Slovenia expands army powers to help police guard border amid refugee crisis

Migrants walk towards the Austrian border after arriving by train in the village of Sentilj, Slovenia, October 20, 2015. © Leonhard Foeger
The mounting refugee crisis in the EU has led the Slovenian Parliament to pass a new law, giving the army more powers to police borders. Soldiers could now be given the green light to get involved “under very specific circumstances.”

The new legislation was successfully passed on early Wednesday, allowing the troops to help secure the nation’s borders amid an influx of thousands of refugees that have been trying to make their way into Slovenia from Croatia since Hungary’s decision to close its borders, Reuters reports.

Soldiers now have the power to make decisions when police are not present on site, Reuters reported. The army has already offered to help under police supervision starting this week.

READ MORE: Fire breaks out at Slovenia refugee camp housing thousands (VIDEO)

The law was passed by the necessary two-thirds majority following a five-hour debate in the Parliament, with 66 votes cast in favor and five against, Slovenian newspaper Vecer reported. The army’s new powers have been granted for a period of only three months, with a possibility to extend.

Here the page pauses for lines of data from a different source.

definition signed_graph :: "'v set \<Rightarrow> ('v \<Rightarrow> 'v \<Rightarrow> bool) \<Rightarrow> ('v \<Rightarrow> 'v \<Rightarrow> int) \<Rightarrow> bool" where
  "signed_graph V E \<sigma> \<longleftrightarrow> finite V
     \<and> (\<forall>u v. E u v \<longrightarrow> u \<in> V \<and> v \<in> V \<and> u \<noteq> v)
     \<and> (\<forall>u v. E u v \<longleftrightarrow> E v u)
     \<and> (\<forall>u v. E u v \<longrightarrow> (\<sigma> u v = 1 \<or> \<sigma> u v = -1) \<and> \<sigma> u v = \<sigma> v u)"

definition sadj :: "('v \<Rightarrow> 'v \<Rightarrow> bool) \<Rightarrow> ('v \<Rightarrow> 'v \<Rightarrow> int) \<Rightarrow> 'v \<Rightarrow> 'v \<Rightarrow> int" where
  "sadj E \<sigma> u v = (if E u v then \<sigma> u v else 0)"

definition sadj2 :: "'v set \<Rightarrow> ('v \<Rightarrow> 'v \<Rightarrow> bool) \<Rightarrow> ('v \<Rightarrow> 'v \<Rightarrow> int) \<Rightarrow> 'v \<Rightarrow> 'v \<Rightarrow> int" where
  "sadj2 V E \<sigma> u v = (\<Sum>w\<in>V. sadj E \<sigma> u w * sadj E \<sigma> w v)"

definition degree :: "'v set \<Rightarrow> ('v \<Rightarrow> 'v \<Rightarrow> bool) \<Rightarrow> 'v \<Rightarrow> nat" where
  "degree V E v = card {w \<in> V. E v w}"

definition pos_degree :: "'v set \<Rightarrow> ('v \<Rightarrow> 'v \<Rightarrow> bool) \<Rightarrow> ('v \<Rightarrow> 'v \<Rightarrow> int) \<Rightarrow> 'v \<Rightarrow> nat" where
  "pos_degree V E \<sigma> v = card {w \<in> V. E v w \<and> \<sigma> v w = 1}"

definition neg_degree :: "'v set \<Rightarrow> ('v \<Rightarrow> 'v \<Rightarrow> bool) \<Rightarrow> ('v \<Rightarrow> 'v \<Rightarrow> int) \<Rightarrow> 'v \<Rightarrow> nat" where
  "neg_degree V E \<sigma> v = card {w \<in> V. E v w \<and> \<sigma> v w = -1}"

definition regular :: "'v set \<Rightarrow> ('v \<Rightarrow> 'v \<Rightarrow> bool) \<Rightarrow> nat \<Rightarrow> bool" where
  "regular V E r \<longleftrightarrow> (\<forall>v\<in>V. degree V E v = r)"

definition net_regular :: "'v set \<Rightarrow> ('v \<Rightarrow> 'v \<Rightarrow> bool) \<Rightarrow> ('v \<Rightarrow> 'v \<Rightarrow> int) \<Rightarrow> int \<Rightarrow> bool" where
  "net_regular V E \<sigma> \<rho> \<longleftrightarrow>
     (\<forall>v\<in>V. int (pos_degree V E \<sigma> v) - int (neg_degree V E \<sigma> v) = \<rho>)"

definition complete_graph :: "'v set \<Rightarrow> ('v \<Rightarrow> 'v \<Rightarrow> bool) \<Rightarrow> bool" where
  "complete_graph V E \<longleftrightarrow> (\<forall>u\<in>V. \<forall>v\<in>V. u \<noteq> v \<longrightarrow> E u v)"

definition edgeless :: "('v \<Rightarrow> 'v \<Rightarrow> bool) \<Rightarrow> bool" where
  "edgeless E \<longleftrightarrow> (\<forall>u v. \<not> E u v)"

definition homogeneous :: "('v \<Rightarrow> 'v \<Rightarrow> bool) \<Rightarrow> ('v \<Rightarrow> 'v \<Rightarrow> int) \<Rightarrow> bool" where
  "homogeneous E \<sigma> \<longleftrightarrow> (\<forall>u v. E u v \<longrightarrow> \<sigma> u v = 1) \<or> (\<forall>u v. E u v \<longrightarrow> \<sigma> u v = -1)"

definition connected_graph :: "'v set \<Rightarrow> ('v \<Rightarrow> 'v \<Rightarrow> bool) \<Rightarrow> bool" where
  "connected_graph V E \<longleftrightarrow> (\<forall>u\<in>V. \<forall>v\<in>V. E\<^sup>*\<^sup>* u v)"

definition srsg :: "'v set \<Rightarrow> ('v \<Rightarrow> 'v \<Rightarrow> bool) \<Rightarrow> ('v \<Rightarrow> 'v \<Rightarrow> int) \<Rightarrow>
    nat \<Rightarrow> nat \<Rightarrow> int \<Rightarrow> int \<Rightarrow> int \<Rightarrow> bool" where
  "srsg V E \<sigma> n r a b c \<longleftrightarrow> signed_graph V E \<sigma>
     \<and> \<not> (complete_graph V E \<and> homogeneous E \<sigma>) \<and> \<not> edgeless E
     \<and> n = card V
     \<and> (\<forall>v\<in>V. sadj2 V E \<sigma> v v = int r)
     \<and> (\<forall>u\<in>V. \<forall>v\<in>V. E u v \<and> \<sigma> u v = 1 \<longrightarrow> sadj2 V E \<sigma> u v = a)
     \<and> (\<forall>u\<in>V. \<forall>v\<in>V. E u v \<and> \<sigma> u v = -1 \<longrightarrow> sadj2 V E \<sigma> u v = b)
     \<and> (\<forall>u\<in>V. \<forall>v\<in>V. u \<noteq> v \<and> \<not> E u v \<longrightarrow> sadj2 V E \<sigma> u v = c)"
lemma gen_x_carrier: "gen_x \<in> carrier F2" and gen_y_carrier: "gen_y \<in> carrier F2"
  by (simp_all add: F2_simps gen_x_def gen_y_def)

lemma wnm_eq_reduce:
  "wnm n m = reduce (letter_pow (False, False) n @ letter_pow (True, False) m
                     @ letter_pow (False, False) (-n) @ letter_pow (True, False) (-m))"
  by (simp add: wnm_def comm_def gen_x_pow gen_y_pow F2_simps F2_inv reduced_letter_pow
      reduced_reduce inv_word_letter_pow reduce_reduce_left)

definition letter_exp :: "letter \<Rightarrow> int \<times> int" where
  "letter_exp l = (let s = (if snd l then -1 else 1) in if fst l then (0, s) else (s, 0))"

definition exp_sum :: "letter list \<Rightarrow> int \<times> int" where
  "exp_sum u = sum_list (map letter_exp u)"

lemma letter_exp_inv1 [simp]: "letter_exp (inv1 a) = - letter_exp a"
  by (cases a) (auto simp: letter_exp_def inv1_def)

lemma exp_sum_simps [simp]:
  "exp_sum [] = 0" "exp_sum (a # u) = letter_exp a + exp_sum u"
  "exp_sum (u @ v) = exp_sum u + exp_sum v"
  by (simp_all add: exp_sum_def)

lemma exp_sum_reduce [simp]: "exp_sum (reduce u) = exp_sum u"
proof -
  have "exp_sum (push1 a w) = letter_exp a + exp_sum w" for a w
    by (cases w) auto
  then show ?thesis
    by (induction u) (auto simp: reduce_def)
qed

lemma exp_sum_letter_pow:
  "exp_sum (letter_pow (False, False) k) = (k, 0)"
  "exp_sum (letter_pow (True, False) k) = (0, k)"
proof -
  have "exp_sum (replicate n a) = (int n * fst (letter_exp a), int n * snd (letter_exp a))" for n a
    by (induction n) (simp_all add: algebra_simps zero_prod_def plus_prod_def)
  then show "exp_sum (letter_pow (False, False) k) = (k, 0)" "exp_sum (letter_pow (True, False) k) = (0, k)"
    by (auto simp: letter_pow_def letter_exp_def inv1_def)
qed

lemma exp_sum_mult: "exp_sum (u \<otimes>\<^bsub>F2\<^esub> v) = exp_sum u + exp_sum v"
  by (simp add: F2_simps)

lemma exp_sum_inv_word: "exp_sum (inv_word u) = - exp_sum u"
  by (induction u) (simp_all add: inv_word_def)

lemma exp_sum_inv: "u \<in> carrier F2 \<Longrightarrow> exp_sum (inv\<^bsub>F2\<^esub> u) = - exp_sum u"
  by (simp add: F2_simps F2_inv exp_sum_inv_word)

definition abel_kernel :: "letter list set" where
  "abel_kernel = {u \<in> carrier F2. exp_sum u = 0}"

lemma subgroup_abel_kernel: "subgroup abel_kernel F2"
  by unfold_locales
    (auto simp: abel_kernel_def F2_simps F2_inv reduced_reduce exp_sum_inv_word)

lemma F_1_subset_abel_kernel: "F_1 \<subseteq> abel_kernel"
  unfolding F_1_def derived_def
  by (rule F2.generate_subgroup_incl[OF _ subgroup_abel_kernel])
    (auto simp: abel_kernel_def exp_sum_mult exp_sum_inv)

lemma wnm_in_abel_kernel: "wnm n m \<in> abel_kernel"
  by (simp add: abel_kernel_def F2_simps wnm_eq_reduce reduced_reduce exp_sum_letter_pow
      zero_prod_def)

section \<open>Rewriting the kernel into the free group on the lattice\<close>

definition lattice_gen :: "int \<times> int \<Rightarrow> ((int \<times> int) \<times> bool) list" where
  "lattice_gen q = (if fst q = 0 \<or> snd q = 0 then [] else [(q, False)])"

text \<open>A word is read as a lattice path starting at \<open>q\<close>; the \<open>x\<close>-edge from \<open>q\<close> to \<open>q'\<close>
  is labelled \<open>g\<^sub>q\<^sup>-\<^sup>1 g\<^sub>q\<^sub>'\<close>, a \<open>y\<close>-edge is unlabelled, and the generators \<open>g\<^sub>q\<close> on the axes
  are trivial. Labels multiply correctly only along closed paths, i.e. on the abelianization
  kernel.\<close>
definition edge_word :: "int \<times> int \<Rightarrow> letter \<Rightarrow> ((int \<times> int) \<times> bool) list" where
  "edge_word q l = (if fst l then [] else inv_word (lattice_gen q) @ lattice_gen (q + letter_exp l))"

fun path_word :: "int \<times> int \<Rightarrow> letter list \<Rightarrow> ((int \<times> int) \<times> bool) list" where
  "path_word q [] = []"
| "path_word q (l # u) = edge_word q l @ path_word (q + letter_exp l) u"

definition rewrite :: "letter list \<Rightarrow> ((int \<times> int) \<times> bool) list" where
  "rewrite u = reduce (path_word 0 u)"

lemma path_word_append: "path_word q (u @ v) = path_word q u @ path_word (q + exp_sum u) v"
  by (induction u arbitrary: q) (auto simp: add.assoc)

lemma edge_word_inv1: "edge_word (q + letter_exp a) (inv1 a) = inv_word (edge_word q a)"
  by (simp add: edge_word_def inv_word_append)

lemma reduce_path_word_push1:
  assumes "reduced w"
  shows "reduce (path_word q (push1 a w)) = reduce (edge_word q a @ path_word (q + letter_exp a) w)"
proof (cases w)
  case (Cons b w')
  then show ?thesis
    by (cases "b = inv1 a") (auto simp: edge_word_inv1 reduce_cancel)
qed simp

lemma reduce_path_word_reduce: "reduce (path_word q (reduce u)) = reduce (path_word q u)"
proof (induction u arbitrary: q)
  case (Cons a u)
  have "reduce (path_word q (reduce (a # u)))
      = reduce (edge_word q a @ path_word (q + letter_exp a) (reduce u))"
    by (simp add: reduce_Cons reduce_path_word_push1 reduced_reduce)
  also have "\<dots> = reduce (path_word q (a # u))"
    using Cons by (simp add: reduce_append)
  finally show ?case .
qed (simp add: reduce_def)

lemma rewrite_mult:
  assumes "exp_sum u = 0"
  shows "rewrite (u \<otimes>\<^bsub>F2\<^esub> v) = rewrite u \<otimes>\<^bsub>free_grp\<^esub> rewrite v"
  using assms
  by (simp add: rewrite_def F2_simps free_grp_simps reduce_path_word_reduce path_word_append
      reduce_reduce_left reduce_reduce_right)

lemma rewrite_hom: "rewrite \<in> hom (F2\<lparr>carrier := abel_kernel\<rparr>) free_grp"
proof (rule homI)
  show "rewrite u \<in> carrier free_grp" for u
    by (simp add: rewrite_def free_grp_simps reduced_reduce)
  show "rewrite (u \<otimes>\<^bsub>F2\<lparr>carrier := abel_kernel\<rparr>\<^esub> v) = rewrite u \<otimes>\<^bsub>free_grp\<^esub> rewrite v"
    if "u \<in> carrier (F2\<lparr>carrier := abel_kernel\<rparr>)" for u v
    using that by (simp add: abel_kernel_def rewrite_mult)
qed
lemma binomial_average_coef_R:
  fixes q r :: real
  assumes "q + r = 1" and "L \<le> K"
  shows "(\<Sum>t\<le>K. real (K choose t) * q^t * r^(K - t) * coef_R L K t) = (\<Sum>i=1..L. r^i)"
proof -
  have "(\<Sum>t\<le>K. real (K choose t) * q^t * r^(K - t) * coef_R L K t)
      = (\<Sum>t\<le>K. \<Sum>i=1..L. q^t * r^(K - t) * real ((K - i) choose t))"
  proof (intro sum.cong refl)
    fix t assume "t \<in> {..K}"
    then have "real (K choose t) \<noteq> 0" by simp
    then have coef: "real (K choose t) * coef_R L K t = (\<Sum>i=1..L. real ((K - i) choose t))"
      unfolding coef_R_def min_absorb1[OF assms(2)]
      using choose_Suc_telescope[OF assms(2), of t] by simp
    have "real (K choose t) * q^t * r^(K - t) * coef_R L K t
        = q^t * r^(K - t) * (real (K choose t) * coef_R L K t)"
      by (simp only: mult_ac)
    then show "real (K choose t) * q^t * r^(K - t) * coef_R L K t
        = (\<Sum>i=1..L. q^t * r^(K - t) * real ((K - i) choose t))"
      unfolding coef by (simp add: sum_distrib_left)
  qed
  also have "\<dots> = (\<Sum>i=1..L. \<Sum>t\<le>K. q^t * r^(K - t) * real ((K - i) choose t))"
    by (rule sum.swap)
  also have "\<dots> = (\<Sum>i=1..L. r^i)"
    by (intro sum.cong refl binomial_weighted_choose_sum[OF assms(1)]) (use assms(2) in auto)
  finally show ?thesis .
qed

definition R_F_points :: "nat \<Rightarrow> nat \<Rightarrow> (real \<times> real) set" where
  "R_F_points N K = {(0, real N)} \<union>
     {(1 + real t * (real N - 1) / real K, coef_R (N - 1) K t) | t. t \<in> {0..K}}"

definition r_C_points :: "nat \<Rightarrow> nat \<Rightarrow> (real \<times> real) set" where
  "r_C_points N K = {(real t * real N / real K, coef_R N K t) | t. t \<in> {0..K}}"

lemma R_F_eq_lower_conv_env: "R_F N K M = lower_conv_env (R_F_points N K) M"
  unfolding R_F_def R_F_points_def ..

lemma r_C_eq_lower_conv_env: "r_C M N K = lower_conv_env (r_C_points N K) M"
  unfolding r_C_def r_C_points_def ..

lemma R_F_points_nonneg: "\<forall>p\<in>R_F_points N K. 0 \<le> snd p"
  unfolding R_F_points_def using coef_R_nonneg by auto

lemma R_F_vertex_in_points:
  "t \<le> K \<Longrightarrow> (1 + real t * (real N - 1) / real K, coef_R (N - 1) K t) \<in> R_F_points N K"
  unfolding R_F_points_def by auto

section \<open>The bound against \<open>r_D\<close>\<close>

lemma R_F_le_geometric_sum:
  assumes "2 \<le> N" "N - 1 \<le> K" and "1 \<le> M" "M \<le> real N"
  shows "R_F N K M \<le> (\<Sum>i=1..N-1. (1 - (M - 1) / (real N - 1))^i)"
proof -
  have n1: "real N - 1 > 0" and k0: "real K > 0" using assms(1,2) by auto
  define q where "q = (M - 1) / (real N - 1)"
  define r where "r = 1 - q"
  have qr: "q + r = 1" unfolding r_def by simp
  have "0 \<le> q" "q \<le> 1" using assms(3,4) n1 unfolding q_def by (auto simp: field_simps)
  then have "0 \<le> r" unfolding r_def by simp
  define w where "w t = real (K choose t) * q^t * r^(K - t)" for t
  define pt where "pt t = (1 + real t * (real N - 1) / real K, coef_R (N - 1) K t)" for t
  have w_sum: "(\<Sum>t\<le>K. w t) = 1" unfolding w_def using binomial_ring[of q r K] unfolding qr by simp
  have "(\<Sum>t\<le>K. w t *\<^sub>R pt t) \<in> convex hull R_F_points N K"
  proof (rule convex_sum)
    show "\<And>t. t \<in> {..K} \<Longrightarrow> 0 \<le> w t" unfolding w_def using \<open>0 \<le> q\<close> \<open>0 \<le> r\<close> by simp
    show "\<And>t. t \<in> {..K} \<Longrightarrow> pt t \<in> convex hull R_F_points N K"
      unfolding pt_def by (intro hull_inc R_F_vertex_in_points) simp
  qed (use w_sum in auto)
  moreover have "fst (\<Sum>t\<le>K. w t *\<^sub>R pt t) = M"
  proof -
    have "fst (\<Sum>t\<le>K. w t *\<^sub>R pt t)
        = (\<Sum>t\<le>K. w t) + (real N - 1) / real K * (\<Sum>t\<le>K. w t * real t)"
      unfolding fst_sum pt_def
      by (simp add: algebra_simps sum.distrib sum_distrib_left sum_divide_distrib)
    also have "\<dots> = 1 + (real N - 1) / real K * (real K * q)"
      using binomial_weighted_index_sum[OF qr, of K] unfolding w_sum by (simp add: w_def)
    also have "\<dots> = M" using k0 n1 unfolding q_def by (simp add: field_simps)
    finally show ?thesis .
  qed
  moreover have "snd (\<Sum>t\<le>K. w t *\<^sub>R pt t) = (\<Sum>i=1..N-1. r^i)"
    unfolding snd_sum pt_def w_def
    using binomial_average_coef_R[OF qr assms(2)] by (simp add: mult_ac)
  ultimately have "(M, \<Sum>i=1..N-1. r^i) \<in> convex hull R_F_points N K"
    by (metis prod.collapse)
  then show ?thesis
    unfolding R_F_eq_lower_conv_env r_def q_def using R_F_points_nonneg by (rule lower_conv_env_le)
qed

Slovenia, which has a population of just two million, has already received over 20,000 migrants since Saturday. The country’s government is planning to ask the EU for help in dealing with financial and security concerns.

“(On Wednesday) we will officially ask the EU ... for police back-up and for financial help,” Prime Minister Miro Cerar said prior to Wednesday’s vote.

Early on Wednesday morning, more than 1,000 migrants were transported through Croatia to the Slovenian border by train and “released into the fields” to cross the border on foot, Associated Press reports. Having to navigate the unfamiliar terrain on foot, the asylum seekers, many of whom are women and children, had to cross the Sutla River to enter Slovenia, where they were immediately rounded up by police.

Exhausted by their long journey, the refugees - wet through and frozen - remained in the field as police waited for orders on where to take them next. It is expected that they will have to walk another 15 kilometers, escorted by police, to the nearest reception center, where they will be registered.

After Hungary fenced off and closed its borders, most of the migrants changed their route and are now pouring into Slovenia to find a way through the country – and to eventually reach Germany, France or the UK.

The first bus carrying refugees arrived at the Slovenian-Croatian border on Saturday morning. It was quickly accompanied by over 40 more.

Slovenia has already taken steps to restrict the flow of refugees by cutting off all rail traffic with Croatia. Only two border crossings are likely to remain open – at Gruskovje and Petisovci – for asylum seekers traveling by bus.

The majority of the migrants are refugees fleeing from North Africa and the Middle East due to violent conflicts and poverty.

Slovenia’s opposition parties have asked the prime minister to consider building a fence on the Slovenian border with Croatia – as Hungary did – in order to stop the flow of migrants. This option of “safeguarding border crossings with physical obstacles” has not been excluded, Reuters cited an official from the interior ministry as saying.